Parasites inside me created and were created by the moon and now my eyes follow the moon through bare branches. Protozoa turn my head slowly, so slowly, as if my head was trying to mimic their ancient blind turning, following the movements of the moon when the moon walked among them, spoke with them, performed miracles. They’ve explained to us, over and over, how the shadows at the edge of the sea are our ancestors, how shadows across stone fields are our ancestors, how shadows deep in the gut are ancestors. When I finally listened to them, I found myself at the window, studying orange trumpet flowers where white sphinx moths unfurled their tongues (Yet another séance held to draw down the moon. And I was invited to that séance. And you were invited, too. Insomniacs, we watched a woman pull horses from rock, whispering the thousand names of the moon, her torch flame leaping and retreating, imitating the moth’s tongue). And I remembered rocking back and forth, sucking on my own tongue, a sleepless infant, unaware of the moth’s work, flame’s tides, but named it for the first time: Luna. I looked up, saw a woman’s face behind glass in the highest window of the old folk’s home next door. What was she looking at? Horses in moonlight, bounding across the roofs, putting out the streetlights one by one, returning us to the turning dark of our intestines, stomachs, liver, lungs, heart…

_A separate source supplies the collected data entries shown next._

(* Let $A\in\mathcal U=\mathbb Q\langle\mathcal X\rangle$ and let $w=x_0^{k_1}x_1x_0^{k_2}x_1\cdots x_0^{k_d}x_1x_0^{k_{d+1}}$ be a word ($d\ge0$, $k_i\ge0$). Then, in iterated Sweedler notation $\Delta_ш^{(n)}(A)=A_{(1)}\otimes\cdots\otimes A_{(n+1)}$, $A\circledast w=A_{(1)}\,x_0^{k_1}\,S(A_{(2)})\,x_1\,A_{(3)}\,x_0^{k_2}\,S(A_{(4)})\,x_1\,A_{(5)}\cdots x_0^{k_d}\,S(A_{(2d)})\,x_1\,A_{(2d+1)}\,x_0^{k_{d+1}}$.
   Context: $\mathcal X=\{x_0,x_1\}$; $\mathfrak f_{\mathcal X}$ is the free Lie algebra over $\mathbb Q$ on $\mathcal X$ with bracket $[-,-]$, and its universal enveloping algebra is $\mathcal U=\mathbb Q\langle\mathcal X\rangle$ with concatenation and the coproduct $\Delta_ш$ (concatenation-multiplicative, $x_i$ primitive); Sweedler notation $\Delta_ш(A)=A_{(1)}\otimes A_{(2)}$. $S$ is the antipode $S(\varepsilon_1\cdots\varepsilon_n)=(-1)^n\varepsilon_n\cdots\varepsilon_1$. For $f\in\mathfrak f_{\mathcal X}$ let $d_f$ be the Lie derivation with $d_f(x_0)=0$, $d_f(x_1)=[x_1,f]$, and $f\triangleright g=d_f(g)$ for $f,g\in\mathfrak f_{\mathcal X}$; this makes $(\mathfrak f_{\mathcal X},[-,-],\triangleright)$ a post-Lie algebra. Extend $\triangleright$ to $\mathcal U\times\mathcal U\to\mathcal U$ (uniquely) by the rules $x\triangleright\mathbf1=0$, $\mathbf1\triangleright A=A$, $xA\triangleright y=x\triangleright(A\triangleright y)-(x\triangleright A)\triangleright y$, $A\triangleright BC=(A_{(1)}\triangleright B)(A_{(2)}\triangleright C)$ for $x,y\in\mathfrak f_{\mathcal X}$, $A,B,C\in\mathcal U$. The Grossman–Larson product is $A\circledast B=A_{(1)}(A_{(2)}\triangleright B)$. *)

theory Defs
  imports Complex_Main
begin

datatype letter = X0 | X1

type_synonym word = "letter list"

text \<open>Elements of U: rational-valued functions on words with finite support
  (noncommutative polynomials); the basis element for a word w is basis w.\<close>
type_synonym ncpoly = "word \<Rightarrow> rat"

definition U :: "ncpoly set" where
  "U = {a. finite {w. a w \<noteq> 0}}"

definition supp :: "ncpoly \<Rightarrow> word set" where
  "supp a = {w. a w \<noteq> 0}"

definition basis :: "word \<Rightarrow> ncpoly" where
  "basis w = (\<lambda>v. if v = w then 1 else 0)"

definition nc_one :: ncpoly where "nc_one = basis []"
definition nc_zero :: ncpoly where "nc_zero = (\<lambda>_. 0)"
definition nc_add :: "ncpoly \<Rightarrow> ncpoly \<Rightarrow> ncpoly" where
  "nc_add a b = (\<lambda>w. a w + b w)"
definition nc_diff :: "ncpoly \<Rightarrow> ncpoly \<Rightarrow> ncpoly" where
  "nc_diff a b = (\<lambda>w. a w - b w)"
definition nc_smult :: "rat \<Rightarrow> ncpoly \<Rightarrow> ncpoly" where
  "nc_smult c a = (\<lambda>w. c * a w)"

definition nc_mult :: "ncpoly \<Rightarrow> ncpoly \<Rightarrow> ncpoly" where
  "nc_mult a b = (\<lambda>w. \<Sum>i\<le>length w. a (take i w) * b (drop i w))"

definition nc_sum :: "('i \<Rightarrow> ncpoly) \<Rightarrow> 'i set \<Rightarrow> ncpoly" where
  "nc_sum F I = (\<lambda>w. \<Sum>i\<in>I. F i w)"

definition nc_sum_list :: "ncpoly list \<Rightarrow> ncpoly" where
  "nc_sum_list xs = (\<lambda>w. sum_list (map (\<lambda>a. a w) xs))"

definition bracket :: "ncpoly \<Rightarrow> ncpoly \<Rightarrow> ncpoly" where
  "bracket a b = nc_diff (nc_mult a b) (nc_mult b a)"

inductive_set lieX :: "ncpoly set" where
  gen0: "basis [X0] \<in> lieX"
| gen1: "basis [X1] \<in> lieX"
| add: "a \<in> lieX \<Longrightarrow> b \<in> lieX \<Longrightarrow> nc_add a b \<in> lieX"
| smult: "a \<in> lieX \<Longrightarrow> nc_smult c a \<in> lieX"
| brk: "a \<in> lieX \<Longrightarrow> b \<in> lieX \<Longrightarrow> bracket a b \<in> lieX"

text \<open>cop w lists the terms u \<otimes> v of the shuffle coproduct of the word w
  (with multiplicity): letters are primitive and the coproduct is multiplicative.\<close>
fun cop :: "word \<Rightarrow> (word \<times> word) list" where
  "cop [] = [([], [])]"
| "cop (x # w) = map (\<lambda>(u, v). (x # u, v)) (cop w) @ map (\<lambda>(u, v). (u, x # v)) (cop w)"

text \<open>deco n w lists the terms w_(1) \<otimes> ... \<otimes> w_(n+1) of the iterated coproduct.\<close>
fun deco :: "nat \<Rightarrow> word \<Rightarrow> word list list" where
  "deco 0 w = [[w]]"
| "deco (Suc n) w = concat (map (\<lambda>(u, v). map (\<lambda>r. u # r) (deco n v)) (cop w))"

text \<open>Sweedler sum  A_(1) \<otimes> A_(2) \<mapsto> F A_(1) A_(2), extended linearly in A.\<close>
definition sweedler2 :: "ncpoly \<Rightarrow> (word \<Rightarrow> word \<Rightarrow> ncpoly) \<Rightarrow> ncpoly" where
  "sweedler2 A F = nc_sum (\<lambda>w. nc_smult (A w) (nc_sum_list (map (\<lambda>(u, v). F u v) (cop w)))) (supp A)"

text \<open>T is an extension of the post-Lie product triangleright to U x U satisfying the
  defining rules of the paper.\<close>
definition is_ext :: "(ncpoly \<Rightarrow> ncpoly \<Rightarrow> ncpoly) \<Rightarrow> bool" where
  "is_ext T \<longleftrightarrow>
     (\<forall>a\<in>U. \<forall>b\<in>U. T a b \<in> U)
   \<and> (\<forall>a\<in>U. \<forall>b\<in>U. \<forall>c\<in>U. T (nc_add a b) c = nc_add (T a c) (T b c))
   \<and> (\<forall>a\<in>U. \<forall>b\<in>U. \<forall>r. T (nc_smult r a) b = nc_smult r (T a b))
   \<and> (\<forall>a\<in>U. \<forall>b\<in>U. \<forall>c\<in>U. T a (nc_add b c) = nc_add (T a b) (T a c))
   \<and> (\<forall>a\<in>U. \<forall>b\<in>U. \<forall>r. T a (nc_smult r b) = nc_smult r (T a b))
   \<comment> \<open>f \<triangleright> g = d_f(g) on f_X\<close>
   \<and> (\<forall>f\<in>lieX. T f (basis [X0]) = nc_zero)
   \<and> (\<forall>f\<in>lieX. T f (basis [X1]) = bracket (basis [X1]) f)
   \<and> (\<forall>f\<in>lieX. \<forall>g\<in>lieX. \<forall>h\<in>lieX.
        T f (bracket g h) = nc_add (bracket (T f g) h) (bracket g (T f h)))
   \<comment> \<open>extension rules\<close>
   \<and> (\<forall>x\<in>lieX. T x nc_one = nc_zero)
   \<and> (\<forall>a\<in>U. T nc_one a = a)
   \<and> (\<forall>x\<in>lieX. \<forall>a\<in>U. \<forall>y\<in>lieX.
        T (nc_mult x a) y = nc_diff (T x (T a y)) (T (T x a) y))
   \<and> (\<forall>a\<in>U. \<forall>b\<in>U. \<forall>c\<in>U.
        T a (nc_mult b c) = sweedler2 a (\<lambda>u v. nc_mult (T (basis u) b) (T (basis v) c)))"

text \<open>Grossman--Larson product  A \<circledast> B = A_(1) (A_(2) \<triangleright> B).\<close>
definition gl :: "(ncpoly \<Rightarrow> ncpoly \<Rightarrow> ncpoly) \<Rightarrow> ncpoly \<Rightarrow> ncpoly \<Rightarrow> ncpoly" where
  "gl T A B = sweedler2 A (\<lambda>u v. nc_mult (basis u) (T (basis v) B))"

fun word_of :: "nat list \<Rightarrow> word" where
  "word_of [] = []"
| "word_of [k] = replicate k X0"
| "word_of (k # k' # ks) = replicate k X0 @ X1 # word_of (k' # ks)"

text \<open>For a decomposition p0 \<otimes> ... \<otimes> p(2d), the term
  p0 x0^k1 S(p1) x1 p2 x0^k2 S(p3) x1 ... p(2d) x0^k(d+1) as (sign, word), using
  S(w) = (-1)^|w| rev w.\<close>
fun rterm :: "nat list \<Rightarrow> word list \<Rightarrow> rat \<times> word" where
  "rterm [k] [a] = (1, a @ replicate k X0)"
| "rterm (k # k' # ks) (a # b # ps) =
     (case rterm (k' # ks) ps of (s, r) \<Rightarrow>
        ((-1) ^ length b * s, a @ replicate k X0 @ rev b @ [X1] @ r))"
| "rterm _ _ = (0, [])"

definition rhs :: "ncpoly \<Rightarrow> nat list \<Rightarrow> ncpoly" where
  "rhs A ks = nc_sum (\<lambda>w. nc_smult (A w)
      (nc_sum_list (map (\<lambda>ps. case rterm ks ps of (s, r) \<Rightarrow> nc_smult s (basis r))
                        (deco (2 * (length ks - 1)) w)))) (supp A)"

end

theory Submission
  imports Defs "HOL-Library.Function_Algebras"
begin

(* Both sides are linear in A, and by the Sweedler form of the Grossman-Larson product it suffices
   to compute u \<triangleright> w for basis words u, w. The rule A \<triangleright> BC = (A_(1) \<triangleright> B)(A_(2) \<triangleright> C) reduces this
   to the two letters, for which
     u \<triangleright> x0 = \<epsilon>(u) x0   and   u \<triangleright> x1 = S(u_(1)) x1 u_(2).
   Both follow from one uniqueness argument: words are products of elements of f_X, and the rule
   (f A) \<triangleright> y = f \<triangleright> (A \<triangleright> y) - (f \<triangleright> A) \<triangleright> y, together with f \<triangleright> - being a derivation that preserves
   f_X, determines A \<triangleright> y from 1 \<triangleright> y = y; so it suffices that the candidate value obeys the same
   recursion. For x1 this uses that, for primitive f, f \<triangleright> - is a coderivation commuting with S.
   Splitting w at its letters x1 and using coassociativity of the coproduct then produces the
   alternating pattern A_(1) x0^k1 S(A_(2)) x1 A_(3) ... *)

notation nc_mult (infixl "\<odot>" 70)

declare plus_fun_apply[simp del] zero_fun_apply[simp del] uminus_apply[simp del] minus_apply[simp del]

lemma nc_smult_apply: "nc_smult c a w = c * a w"
  by (simp add: nc_smult_def)

lemmas ncpoly_apply = plus_fun_apply zero_fun_apply uminus_apply minus_apply nc_smult_apply

lemma sum_apply: "(sum F I) w = (\<Sum>i\<in>I. F i w)"
  by (induction I rule: infinite_finite_induct) (auto simp: ncpoly_apply)

lemma sum_list_apply: "(sum_list xs) w = sum_list (map (\<lambda>a. a w) xs)"
  by (induction xs) (auto simp: ncpoly_apply)

lemma nc_add_eq[simp]: "nc_add a b = a + b" by (auto simp: nc_add_def ncpoly_apply)
lemma nc_diff_eq[simp]: "nc_diff a b = a - b" by (auto simp: nc_diff_def ncpoly_apply)
lemma nc_zero_eq[simp]: "nc_zero = 0" by (auto simp: nc_zero_def ncpoly_apply)
lemma nc_sum_eq[simp]: "nc_sum F I = sum F I" by (auto simp: nc_sum_def sum_apply)
lemma nc_sum_list_eq[simp]: "nc_sum_list xs = sum_list xs" by (auto simp: nc_sum_list_def sum_list_apply)
lemma nc_one_eq[simp]: "nc_one = basis []" by (simp add: nc_one_def)
lemma bracket_eq: "bracket a b = a \<odot> b - b \<odot> a" by (simp add: bracket_def)
lemma nc_smult_add_right: "nc_smult c (a + b) = nc_smult c a + nc_smult c b" by (auto simp: ncpoly_apply algebra_simps)
lemma nc_smult_add_left: "nc_smult (c + d) a = nc_smult c a + nc_smult d a" by (auto simp: ncpoly_apply algebra_simps)
lemma nc_smult_diff_right: "nc_smult c (a - b) = nc_smult c a - nc_smult c b" by (auto simp: ncpoly_apply algebra_simps)
lemma nc_smult_nc_smult[simp]: "nc_smult c (nc_smult d a) = nc_smult (c*d) a" by (auto simp: ncpoly_apply)
lemma nc_smult_one[simp]: "nc_smult 1 a = a" by (auto simp: ncpoly_apply)
lemma nc_smult_zero_left[simp]: "nc_smult 0 a = 0" by (auto simp: ncpoly_apply)
lemma nc_smult_zero_right[simp]: "nc_smult c 0 = 0" by (auto simp: ncpoly_apply)
lemma nc_smult_minus_one: "nc_smult (-1) a = - a" by (auto simp: ncpoly_apply)

lemma nc_smult_sum: "nc_smult c (sum F I) = (\<Sum>i\<in>I. nc_smult c (F i))"
  by (rule ext) (simp add: ncpoly_apply sum_apply sum_distrib_left)

lemma nc_smult_uminus: "nc_smult c (- a) = - nc_smult c a" by (auto simp: ncpoly_apply)

lemma nc_mult_apply: "(a \<odot> b) w = (\<Sum>i\<le>length w. a (take i w) * b (drop i w))"
  by (simp add: nc_mult_def)

lemma nc_mult_Nil[simp]: "(a \<odot> b) [] = a [] * b []" by (simp add: nc_mult_def)

lemma nc_mult_add_left: "(a + b) \<odot> c = a \<odot> c + b \<odot> c"
  by (rule ext) (simp add: ncpoly_apply nc_mult_apply algebra_simps sum.distrib)

lemma nc_mult_add_right: "c \<odot> (a + b) = c \<odot> a + c \<odot> b"
  by (rule ext) (simp add: ncpoly_apply nc_mult_apply algebra_simps sum.distrib)

lemma nc_mult_diff_left: "(a - b) \<odot> c = a \<odot> c - b \<odot> c"
  by (rule ext) (simp add: ncpoly_apply nc_mult_apply algebra_simps sum_subtractf)

lemma nc_mult_diff_right: "c \<odot> (a - b) = c \<odot> a - c \<odot> b"
  by (rule ext) (simp add: ncpoly_apply nc_mult_apply algebra_simps sum_subtractf)

lemma nc_mult_uminus_left: "(- a) \<odot> c = - (a \<odot> c)"
  by (rule ext) (simp add: ncpoly_apply nc_mult_apply sum_negf)

lemma nc_mult_uminus_right: "c \<odot> (- a) = - (c \<odot> a)"
  by (rule ext) (simp add: ncpoly_apply nc_mult_apply sum_negf)

lemma nc_mult_smult_left: "(nc_smult r a) \<odot> c = nc_smult r (a \<odot> c)"
  by (rule ext) (simp add: ncpoly_apply nc_mult_apply sum_distrib_left mult.assoc)

lemma nc_mult_smult_right: "c \<odot> (nc_smult r a) = nc_smult r (c \<odot> a)"
  by (rule ext) (simp add: ncpoly_apply nc_mult_apply sum_distrib_left algebra_simps)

Car Batteries, Falling Snow, Snakestones

1. Snow flies in from the south in waves; thick with huge flakes, then sparse, with flakes so small they float, can’t make it to earth. Cars slice through grey snow on Coburg Road, most heading to work. I can’t. Someone stole my car battery last night. No damage, though. Were they purposefully careful? But why bother? Maybe this is the new way we look out for each other… 2. I weave my hands in an ascending spiral through falling flakes, long for a world where, when the snow falls, everything we call ‘normal life’ stops, leaves us still, watching the flakes fall, eyes empty as an echo off a cave wall, hands resolute as a hawk scanning a field of snow, hearts that mimic a family of sour-smelling mice curled togetherbeneath roots and ice, spacious as the journey of every stone.
3. Footprints follow me through wet snow. I crouch down, study the prints and laugh, recognize them as ones I’ve been tracking for decades, since birth. In my pocket there’s a black ammonite, a fossil that looks like a coiled snake without a head; a mollusk at least 66 million years dead: I run my fingers along the frilled suture lines. This is the only clock I know that tells the true time.